Bald Ende der LKW-freien Zeiten

■ Österreich, Italien und Bayern wollen die Alpenblockaden aufheben / Am Wochenende sollen wieder Laster über die abgesackte Inntalbrücke rollen / Schweiz soll „aktuellen Notstand“ beseitigen helfen

Aus Brüssel Michael Bullard

Die Trucker können aufatmen: Schon bald können sie wieder wie gewohnt über die Alpen brettern. Die Blockade der Alpen durch Österreich, Italien und Bayern soll schon in den nächsten Tagen aufgehoben werden - vorbehaltlich der endgültigen Zustimmung der Anrainerstaaten und Bundesländer, wie die Verkehrsexperten der EG in Brüssel gestern vorsichtig einschränkten. Noch steht der Kompromiß auf wackeligen Füßen, den die Verkehrsminister Italiens, Österreichs, der Bundesrepublik und der Niederlande zusammen mit Vertretern Bayerns, Vorarlbergs und Südtirols unter Vorsitz von EG-Verkehrskommissars Van Miert am Montag abend in Brüssel ausgehandelt haben.
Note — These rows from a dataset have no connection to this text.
lemma test_word_between:
  assumes "length e = 2" "length s = 2" "reduced e" "reduced s" "0 \<notin> set e" "0 \<notin> set s"
    "last e \<noteq> hd s"
  shows "\<exists>V\<in>set test_words. reduced (e @ take 2 V) \<and> reduced (drop (length V - 2) V @ s)
    \<and> (hd (take 2 V) \<noteq> hd s \<or> last (drop (length V - 2) V) \<noteq> last e)"
proof -
  obtain m l f r where ends: "e = [m, l]" "s = [f, r]"
    using assms(1,2) by (auto simp: numeral_eq_Suc length_Suc_conv)
  with assms(3-7) have "0 < m" "0 < l" "0 < f" "0 < r" "m \<noteq> l" "f \<noteq> r" "f \<noteq> l"
    by auto
  then show ?thesis
    unfolding bex_test_words_ends[of "\<lambda>t d. reduced (e @ t) \<and> reduced (d @ s)
      \<and> (hd t \<noteq> hd s \<or> last d \<noteq> last e)"]
    unfolding ends
    by (cases "l = 1"; cases "l = 2"; cases "l = 3") (auto simp: numeral_eq_Suc)
qed

lemma test_word_beside_letter:
  assumes "0 < f"
  shows "\<exists>V\<in>set test_words. reduced (f # take 2 V) \<and> reduced (drop (length V - 2) V @ [f])
    \<and> (hd (take 2 V) \<noteq> f \<or> last (drop (length V - 2) V) \<noteq> f)"
  unfolding bex_test_words_ends[of "\<lambda>t d. reduced (f # t) \<and> reduced (d @ [f])
    \<and> (hd t \<noteq> f \<or> last d \<noteq> f)"]
  using assms by (cases "f = 1"; cases "f = 2") (auto simp: numeral_eq_Suc)

lemma exists_test_word:
  assumes "w \<noteq> []" "0 \<notin> set w" "cyclically_reduced w"
  shows "\<exists>V\<in>set test_words. reduced (w @ V) \<and> reduced (V @ w) \<and> (hd V \<noteq> hd w \<or> last V \<noteq> last w)"
proof -
  have reduced_w: "reduced w"
    using assms(3) by (simp add: cyclically_reduced_def)
  have "\<exists>V\<in>set test_words. reduced (drop (length w - 2) w @ take 2 V)
      \<and> reduced (drop (length V - 2) V @ take 2 w)
      \<and> (hd (take 2 V) \<noteq> hd w \<or> last (drop (length V - 2) V) \<noteq> last w)"
  proof (cases "length w = 1")
    case True
    then obtain f where "w = [f]"
      by (auto simp: length_Suc_conv)
    with assms(2) show ?thesis
      using test_word_beside_letter[of f] by simp
  next
    case False
    let ?e = "drop (length w - 2) w" and ?s = "take 2 w"
    have long: "2 \<le> length w"
      using False assms(1) by (cases w) (auto simp: Suc_le_eq)
    have "reduced ?e" "reduced ?s"
      using reduced_w reduced_append[of "take (length w - 2) w" ?e] reduced_append[of ?s "drop 2 w"]
      by simp_all
    moreover have "length ?e = 2" "length ?s = 2"
      using long by simp_all
    moreover have "0 \<notin> set ?e" "0 \<notin> set ?s"
      using assms(2) by (auto dest: in_set_dropD in_set_takeD)
    moreover have "hd ?s = hd w" "last ?e = last w"
      using assms(1) by simp_all
    moreover have "hd w \<noteq> last w"
      using assms(3) long by (simp add: cyclically_reduced_def)
    ultimately show ?thesis
      using test_word_between[of ?e ?s] by simp
  qed
  then obtain V where V: "V \<in> set test_words" "reduced (drop (length w - 2) w @ take 2 V)"
    "reduced (drop (length V - 2) V @ take 2 w)"
    "hd (take 2 V) \<noteq> hd w \<or> last (drop (length V - 2) V) \<noteq> last w"
    by blast
  moreover have "hd (take 2 V) = hd V" "last (drop (length V - 2) V) = last V"
    using test_word_length[OF V(1)] by simp_all
  ultimately show ?thesis
    using reduced_w test_word_reduced[OF V(1)]
    by (auto simp: reduced_append[of w] reduced_append[of _ w])
qed

section \<open>The centralizer of \<open>PL\<^sub>n\<close>\<close>

definition commutes_with_pure :: "nat \<Rightarrow> nat list \<Rightarrow> bool" where
  "commutes_with_pure n c \<longleftrightarrow>
     c \<in> words n \<and> (\<forall>x\<in>words n. perm_of_word x = id \<longrightarrow> eqw n (c @ x) (x @ c))"

lemma commutes_with_pure_eqw:
  assumes "commutes_with_pure n d" "eqw n c d"
  shows "commutes_with_pure n c"
  unfolding commutes_with_pure_def
proof (intro conjI ballI impI)
  show "c \<in> words n"
    using eqw_words[OF assms(2)] by blast
  fix x
  assume x: "x \<in> words n" "perm_of_word x = id"
  have "eqw n (c @ x) (d @ x)"
    using eqw_append_left[OF assms(2) x(1)] .
  also have "eqw n (d @ x) (x @ d)"
    using assms(1) x unfolding commutes_with_pure_def by blast
  also have "eqw n (x @ d) (x @ c)"
    using eqw_append_right[OF eqw_sym[OF assms(2)] x(1)] .
  finally show "eqw n (c @ x) (x @ c)" .
qed

lemma commutes_with_pure_conj:
  assumes c: "commutes_with_pure n c" and A: "A \<in> words n"
  shows "commutes_with_pure n (A @ c @ rev A)"
  unfolding commutes_with_pure_def
proof (intro conjI ballI impI)
  have c_words: "c \<in> words n"
    using c commutes_with_pure_def by blast
  then show "A @ c @ rev A \<in> words n"
    using A by simp
  fix x
  assume x: "x \<in> words n" "perm_of_word x = id"
  let ?x' = "rev A @ x @ A"
  have "?x' \<in> words n" "perm_of_word ?x' = id"
    using x A perm_of_word_rev[of A] by (auto simp: perm_of_word_append)
  then have commute: "eqw n (c @ ?x') (?x' @ c)"
    using c commutes_with_pure_def by blast
  have "eqw n ((A @ c @ rev A) @ x) (A @ c @ rev A @ x @ A @ rev A)"
    using eqw_sym[OF eqw_append_rev_cancel[OF A, of "A @ c @ rev A @ x" "[]"]] A c_words x by simp
  also have "eqw n (A @ c @ rev A @ x @ A @ rev A) (A @ (?x' @ c) @ rev A)"
    using eqw_in_context[OF commute A, of "rev A"] A by simp
  also have "eqw n (A @ (?x' @ c) @ rev A) (x @ (A @ c @ rev A))"
    using eqw_append_rev_cancel[OF A, of "[]" "x @ A @ c @ rev A"] A c_words x by simp
  finally show "eqw n ((A @ c @ rev A) @ x) (x @ (A @ c @ rev A))" .
qed

lemma conj_eqw_Nil:
  assumes "A \<in> words n" "c \<in> words n" "eqw n (A @ c @ rev A) []"
  shows "eqw n c []"
proof -
  have "eqw n c (rev A @ A @ c)"
    using eqw_sym[OF eqw_rev_append_cancel[OF assms(1), of "[]" c]] assms(2) by simp
  also have "eqw n (rev A @ A @ c) (rev A @ (A @ c @ rev A) @ A)"
    using eqw_sym[OF eqw_rev_append_cancel[OF assms(1), of "rev A @ A @ c" "[]"]] assms(1,2) by simp
  also have "eqw n (rev A @ (A @ c @ rev A) @ A) (rev A @ [] @ A)"
    using eqw_in_context[OF assms(3)] assms(1) by simp
  also have "eqw n (rev A @ [] @ A) []"
    using eqw_rev_append_self[OF assms(1)] by simp
  finally show ?thesis .
qed

lemma minimal_conjugate_exists:
  assumes "c \<in> words n"
  obtains A w where "A \<in> words n" "reduced w" "eqw n w (A @ c @ rev A)"
    "\<And>A' w'. A' \<in> words n \<Longrightarrow> reduced w' \<Longrightarrow> eqw n w' (A' @ c @ rev A') \<Longrightarrow> length w \<le> length w'"
proof -
  let ?conjugate = "\<lambda>(A, w). A \<in> words n \<and> reduced w \<and> eqw n w (A @ c @ rev A)"
  obtain w0 where "eqw n c w0" "reduced w0"
    using reduced_representative[OF assms] by blast
  then have "?conjugate ([], w0)"
    by (simp add: eqw_sym)
  then obtain p where "?conjugate p" "\<And>q. ?conjugate q \<Longrightarrow> length (snd p) \<le> length (snd q)"
    using ex_has_least_nat[of ?conjugate _ "\<lambda>p. length (snd p)"] by blast
  then show thesis
    using that[of "fst p" "snd p"] by (cases p) fastforce
qed

lemma minimal_conjugate_cyclically_reduced:
  assumes "A \<in> words n" "reduced w" "eqw n w (A @ c @ rev A)"
    and minimal: "\<And>A' w'. A' \<in> words n \<Longrightarrow> reduced w' \<Longrightarrow> eqw n w' (A' @ c @ rev A') \<Longrightarrow>
      length w \<le> length w'"
  shows "cyclically_reduced w"
proof (rule ccontr)
  assume "\<not> cyclically_reduced w"
  with assms(2) have "2 \<le> length w" "hd w = last w"
    by (auto simp: cyclically_reduced_def)
  then obtain x u where w: "w = x # u @ [x]"
    by (cases w; cases "tl w" rule: rev_exhaust) auto
  have words: "A \<in> words n" "c \<in> words n" "x # u @ [x] \<in> words n"
    using assms(1) eqw_words[OF assms(3)] w by auto
  have "eqw n u ([x, x] @ u)"
    using eqw_sym[OF eqw_append_rev_cancel[of "[x]" n "[]" u]] words by simp
  also have "eqw n ([x, x] @ u) ([x, x] @ u @ [x, x])"
    using eqw_append_right[OF eqw_sym[OF eqw_append_rev_cancel[of "[x]" n u "[]"]], of "[x, x]"] words
    by simp
  also have "eqw n ([x, x] @ u @ [x, x]) ([x] @ (A @ c @ rev A) @ [x])"
    using eqw_in_context[OF assms(3)[unfolded w], of "[x]" "[x]"] words by simp
  finally have "eqw n u ((x # A) @ c @ rev (x # A))"
    by simp
  moreover obtain u' where "eqw n u u'" "reduced u'" "length u' \<le> length u"
    using reduced_representative[of u n] words by auto
  ultimately have "length w \<le> length u'"
    using minimal[of "x # A" u'] words by (meson eqw_sym eqw_trans words_Cons words_append)
  with \<open>length u' \<le> length u\<close> w show False
    by simp
qed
Die österreichische Regierung will zum Wochenende die beschädigte Inntalbrücke bei Kufstein wieder teilweise für den Verkehr freigeben. Nachdem im Juli ein Pfeiler der Wildpichler Brücke abgesunken war, mußten die Inntalautobahn und die parallel über die Brücke führende Bundesstraße gesperrt werden. Da die Bundesstraßenbrücke nur geringfügig beschädigt ist, soll sie während einer Testphase ab 1. September von vorerst täglich 1.500 statt der ursprünglichen 4.000 Lastwagen passiert werden können. Wenn die Brücke der Belastung standhält, wollen die österreichischen Behörden ab Mitte September bis zu 2.500 und ab Januar 1991 sogar 3.000 LKWs zulassen.
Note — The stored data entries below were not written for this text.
lemma (in prob_space) AE_eventually_not_if_summable:
  assumes "\<And>n. {\<omega> \<in> space M. P n \<omega>} \<in> events"
    and "\<And>n. n \<ge> N \<Longrightarrow> prob {\<omega> \<in> space M. P n \<omega>} \<le> b n"
    and "summable b"
  shows "AE \<omega> in M. eventually (\<lambda>n. \<not> P n \<omega>) sequentially"
proof -
  have "AE \<omega> in M. eventually (\<lambda>n. \<omega> \<in> space M - {\<omega> \<in> space M. P n \<omega>}) sequentially"
  proof (rule borel_cantelli_AE1)
    show "summable (\<lambda>n. prob {\<omega> \<in> space M. P n \<omega>})"
      by (rule summable_comparison_test'[OF assms(3), where N = N]) (simp add: assms(2))
  qed (simp_all add: assms(1) less_top[symmetric])
  then show ?thesis
    by (rule AE_mp) (auto elim: eventually_mono)
qed

locale KY_sequence = prob_space M for M :: "'a measure" +
  fixes K :: "nat \<Rightarrow> 'a \<Rightarrow> nat" and Y :: "nat \<Rightarrow> 'a \<Rightarrow> colour"
  assumes measurable_KY: "\<And>i. i \<ge> 1 \<Longrightarrow>
      (\<lambda>\<omega>. (K i \<omega>, Y i \<omega>)) \<in> measurable M (count_space UNIV)"
    and indep_KY: "indep_vars (\<lambda>_. count_space UNIV) (\<lambda>i \<omega>. (K i \<omega>, Y i \<omega>)) {1..}"
    and law_KY: "\<And>i k y. i \<ge> 1 \<Longrightarrow>
      measure M {\<omega> \<in> space M. K i \<omega> = k \<and> Y i \<omega> = y} = KY_prob k y"
begin

lemma events_KY: "i \<ge> 1 \<Longrightarrow> {\<omega> \<in> space M. P (K i \<omega>) (Y i \<omega>)} \<in> events"
  using measurable_sets[OF measurable_KY, of i "{(a, b). P a b}"]
  by (simp add: vimage_def Int_def conj_commute)

lemma prob_K_in:
  assumes "i \<ge> 1" "finite V"
  shows "prob {\<omega> \<in> space M. K i \<omega> \<in> V} = (\<Sum>v\<in>V. K_prob v)"
proof -
  let ?E = "\<lambda>x. {\<omega> \<in> space M. K i \<omega> = fst x \<and> Y i \<omega> = snd x}"
  have "?E x \<in> events" for x
    using events_KY[OF assms(1), of "\<lambda>a b. a = fst x \<and> b = snd x"] by simp
  moreover have "{\<omega> \<in> space M. K i \<omega> \<in> V} = (\<Union>x\<in>V \<times> UNIV. ?E x)"
    by auto
  ultimately have "prob {\<omega> \<in> space M. K i \<omega> \<in> V} = (\<Sum>x\<in>V \<times> UNIV. prob (?E x))"
    using assms(2) by (auto simp: UNIV_colour disjoint_family_on_def intro!: finite_measure_finite_Union)
  also have "\<dots> = (\<Sum>x\<in>V \<times> UNIV. KY_prob (fst x) (snd x))"
    using law_KY[OF assms(1)] by simp
  also have "\<dots> = (\<Sum>v\<in>V. K_prob v)"
    by (simp add: sum.cartesian_product' UNIV_colour K_prob_def)
  finally show ?thesis .
qed

lemma prob_all_K_in:
  assumes "finite J" "J \<noteq> {}" "J \<subseteq> {1..}" "\<And>l. l \<in> J \<Longrightarrow> finite (V l)"
  shows "prob {\<omega> \<in> space M. \<forall>l\<in>J. K l \<omega> \<in> V l} = (\<Prod>l\<in>J. \<Sum>v\<in>V l. K_prob v)"
proof -
  let ?X = "\<lambda>l \<omega>. (K l \<omega>, Y l \<omega>)" and ?A = "\<lambda>l. {x. fst x \<in> V l}"
  have "{\<omega> \<in> space M. \<forall>l\<in>J. K l \<omega> \<in> V l} = (\<Inter>l\<in>J. ?X l -` ?A l \<inter> space M)"
    using assms(2) by auto
  also have "prob \<dots> = (\<Prod>l\<in>J. prob (?X l -` ?A l \<inter> space M))"
    using assms(1-3) by (intro indep_varsD[OF indep_KY]) auto
  also have "\<dots> = (\<Prod>l\<in>J. \<Sum>v\<in>V l. K_prob v)"
  proof (rule prod.cong [OF refl])
    fix l assume "l \<in> J"
    then have "?X l -` ?A l \<inter> space M = {\<omega> \<in> space M. K l \<omega> \<in> V l}" "l \<ge> 1" "finite (V l)"
      using assms(3,4) by auto
    then show "prob (?X l -` ?A l \<inter> space M) = (\<Sum>v\<in>V l. K_prob v)"
      by (simp add: prob_K_in)
  qed
  finally show ?thesis .
qed

lemma AE_eventually_K_gt_square:
  "AE \<omega> in M. eventually (\<lambda>i. \<exists>l\<in>{1..i}. K l \<omega> > i^2) sequentially"
proof -
  let ?C = "(4 * norm_c / 2 powr (-5/4)) ^ 4"
  have "AE \<omega> in M. eventually (\<lambda>i. \<not> (\<forall>l\<in>{1..i}. K l \<omega> \<le> i^2)) sequentially"
  proof (rule AE_eventually_not_if_summable[where N = 1 and b = "\<lambda>i. ?C / real i ^ 2"])
    show "{\<omega> \<in> space M. \<forall>l\<in>{1..i}. K l \<omega> \<le> i^2} \<in> events" for i
      by (intro sets.sets_Collect_finite_All events_KY) auto
    show "summable (\<lambda>i. ?C / real i ^ 2)"
      unfolding divide_inverse by (intro summable_mult inverse_power_summable) auto
    fix i :: nat assume "i \<ge> 1"
    then have "prob {\<omega> \<in> space M. \<forall>l\<in>{1..i}. K l \<omega> \<in> {..i^2}} = (\<Sum>v\<le>i^2. K_prob v) ^ i"
      by (subst prob_all_K_in) auto
    then show "prob {\<omega> \<in> space M. \<forall>l\<in>{1..i}. K l \<omega> \<le> i^2} \<le> ?C / real i ^ 2"
      using K_prob_cdf_power_le[OF \<open>i \<ge> 1\<close>] by simp
  qed
  then show ?thesis
    by (simp add: not_le)
qed

lemma events_K_tie:
  assumes "l \<ge> 1" "j \<ge> 1"
  shows "{\<omega> \<in> space M. K l \<omega> = K j \<omega> \<and> V < K j \<omega>} \<in> events"
proof -
  have "{\<omega> \<in> space M. \<exists>v. K l \<omega> = v \<and> K j \<omega> = v \<and> V < v} \<in> events"
    using assms by (intro sets.sets_Collect_countable_Ex sets.sets_Collect_conj events_KY) auto
  then show ?thesis
    by (auto elim!: back_subst[of "\<lambda>A. A \<in> events"])
qed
Im Gegenzug werden Bayern und Italien die ihrerseits installierten Grenzblockaden aufheben. Damit stünden der Achenpaß (in Süd-Nord-Richtung) und der Fernpaß (in der Gegenrichtung) dem LKW-Verkehr als zusätzliche Ausweichrouten wieder offen. Da das österreichische Bundesland Vorarlberg auch den gesperrten Arlbergpaß freigeben will, scheint der Streit um den Alpentransit vorläufig entschärft.
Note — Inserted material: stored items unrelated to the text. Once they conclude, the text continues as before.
lemma wrap_arcs_same_parity:
  assumes z: "z \<in> V" "z \<notin> p ` {..n}" and arcs: "(p i, z) \<in> A" "(z, p j) \<in> A"
    and ij: "j \<le> 3" "n - 3 \<le> i" "i \<le> n"
  shows "even i = even j"
proof (rule ccontr)
  assume par: "even i \<noteq> even j"
  have "i = n - 3 \<or> i = n - 2 \<or> i = n - 1 \<or> i = n" "j = 0 \<or> j = 1 \<or> j = 2 \<or> j = 3"
    using ij by linarith+
  moreover have "even (n - 3)" "odd (n - 2)" "even (n - 1)"
    using n_odd n_ge_7 by (simp_all add: even_diff_nat)
  ultimately consider "j + n - 2 \<le> i" | "j = 1 \<or> j = 3" "i = n - 3" | "j = 2" "i = n - 2"
    | "j = 3" "i = n - 1"
    using par n_odd n_ge_7 by auto
  then show False
    using wrap_arcs_same_parity_far[OF z arcs ij(1) _ ij(3)] par no_wrap_arcs_from_n_minus_3[OF z]
      no_wrap_arcs_from_n_minus_2[OF z] no_wrap_arcs_from_n_minus_1[OF z] arcs
    by cases auto
qed

lemma out_arc_near_start:
  assumes z: "z \<in> V" "z \<notin> p ` {..n}" and arc: "(z, p j) \<in> A" "j \<le> n"
  obtains j' where "j' \<le> 3" "even j' = even j" "(z, p j') \<in> A"
proof (cases "j \<le> 3")
  case False
  have "adjacent A z (p (j mod 2))"
    using out_arc_adjacent_below[OF z arc] by simp
  moreover have "(p (j mod 2), z) \<notin> A"
    using detour_bound[OF z _ arc(2) _ arc(1), of "j mod 2"] False n_ge_7
      mod_less_divisor[of 2 j] by linarith
  ultimately have "(z, p (j mod 2)) \<in> A" unfolding adjacent_def by simp
  then show thesis by (rule that[rotated 2]) auto
qed (use that arc in blast)

lemma in_arc_near_end:
  assumes z: "z \<in> V" "z \<notin> p ` {..n}" and arc: "(p i, z) \<in> A" "i \<le> n"
  obtains i' where "n - 3 \<le> i'" "i' \<le> n" "even i' = even i" "(p i', z) \<in> A"
proof -
  obtain j' where j': "j' \<le> 3" "even j' = even (n - i)" "(z, p (n - j')) \<in> A\<inverse>"
    by (rule bipartite_geodesic.out_arc_near_start[OF converse_reversed, of z "n - i"])
      (use z arc image_reversed in simp_all)
  show thesis
    by (rule that[of "n - j'"]) (use j' arc n_ge_7 in \<open>auto simp: even_diff_nat\<close>)
qed

lemma in_out_neighbours_same_parity:
  assumes z: "z \<in> V" "z \<notin> p ` {..n}"
    and arcs: "(p i, z) \<in> A" "(z, p j) \<in> A" "i \<le> n" "j \<le> n"
  shows "even i = even j"
proof -
  obtain i' where "n - 3 \<le> i'" "i' \<le> n" "even i' = even i" "(p i', z) \<in> A"
    using in_arc_near_end[OF z arcs(1,3)] .
  moreover obtain j' where "j' \<le> 3" "even j' = even j" "(z, p j') \<in> A"
    using out_arc_near_start[OF z arcs(2,4)] .
  ultimately show ?thesis using wrap_arcs_same_parity[OF z] by metis
qed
Um zum Status quo ante (4.000 LKWs täglich) zurückzukehren, sollen die österreichischen Behörden allerdings nach dem Willen der EG auch noch den Lofer-Paß für 300 bis 400 LKWs täglich freigeben. Dieser Forderung hat der österreichische Verkehrsminister Streicher bislang nicht zugestimmt. Weiterhin ist die Haltung der Schweizer in dem Konflikt noch unklar; der bayrische Innenstaatssekretär Beckstein (CSU) hatte am Montag verlangt, daß die Schweiz zur „Bewältigung des aktuellen Notstands zumindest vorübergehend bereit sein müßte, ihre Beschränkungen für den Schwerlastverkehr aufzuheben“. Unverhohlen machten auch die Verkehrsexperten der EG gestern deutlich, daß die Schweiz „endlich ihre naturgegebenen Verpflichtungen erfüllen“ müsse. Schließlich würden 40 Prozent des LKW-Verkehrs, der normalerweise die Alpen im Gebiet der Schweiz durchqueren könnte, über den Brenner-Paß umgelenkt. Allerdings waren die Schweizer bei der Krisensitzung nicht vertreten; aber heute steht das Thema beim Schweizer Bundesrat auf der Tagesordnung. Beobachter vermuten, daß die Schweizer Behörden als Zeichen ihrer Solidarität anbieten könnten, die Nahverkehrsreisenden im Einzugsgebiet des Gotthard-Tunnels in Busse zu setzen, um so vorübergehend mehr Kapazität für LKW-Transporte durch den Tunnel freizumachen. Außerdem könnten viele Lastwagen, die auf dem Rückweg von Italien leer fahren, auf die Schweiz ausweichen, wo eine Obergrenze von 28 Tonnen Gesamtgewicht für Lastwagen gilt. Langfristig, so van Miert, soll das Problem durch ein „umfassendes Abkommen“ mit Österreich und der Schweiz gelöst werden.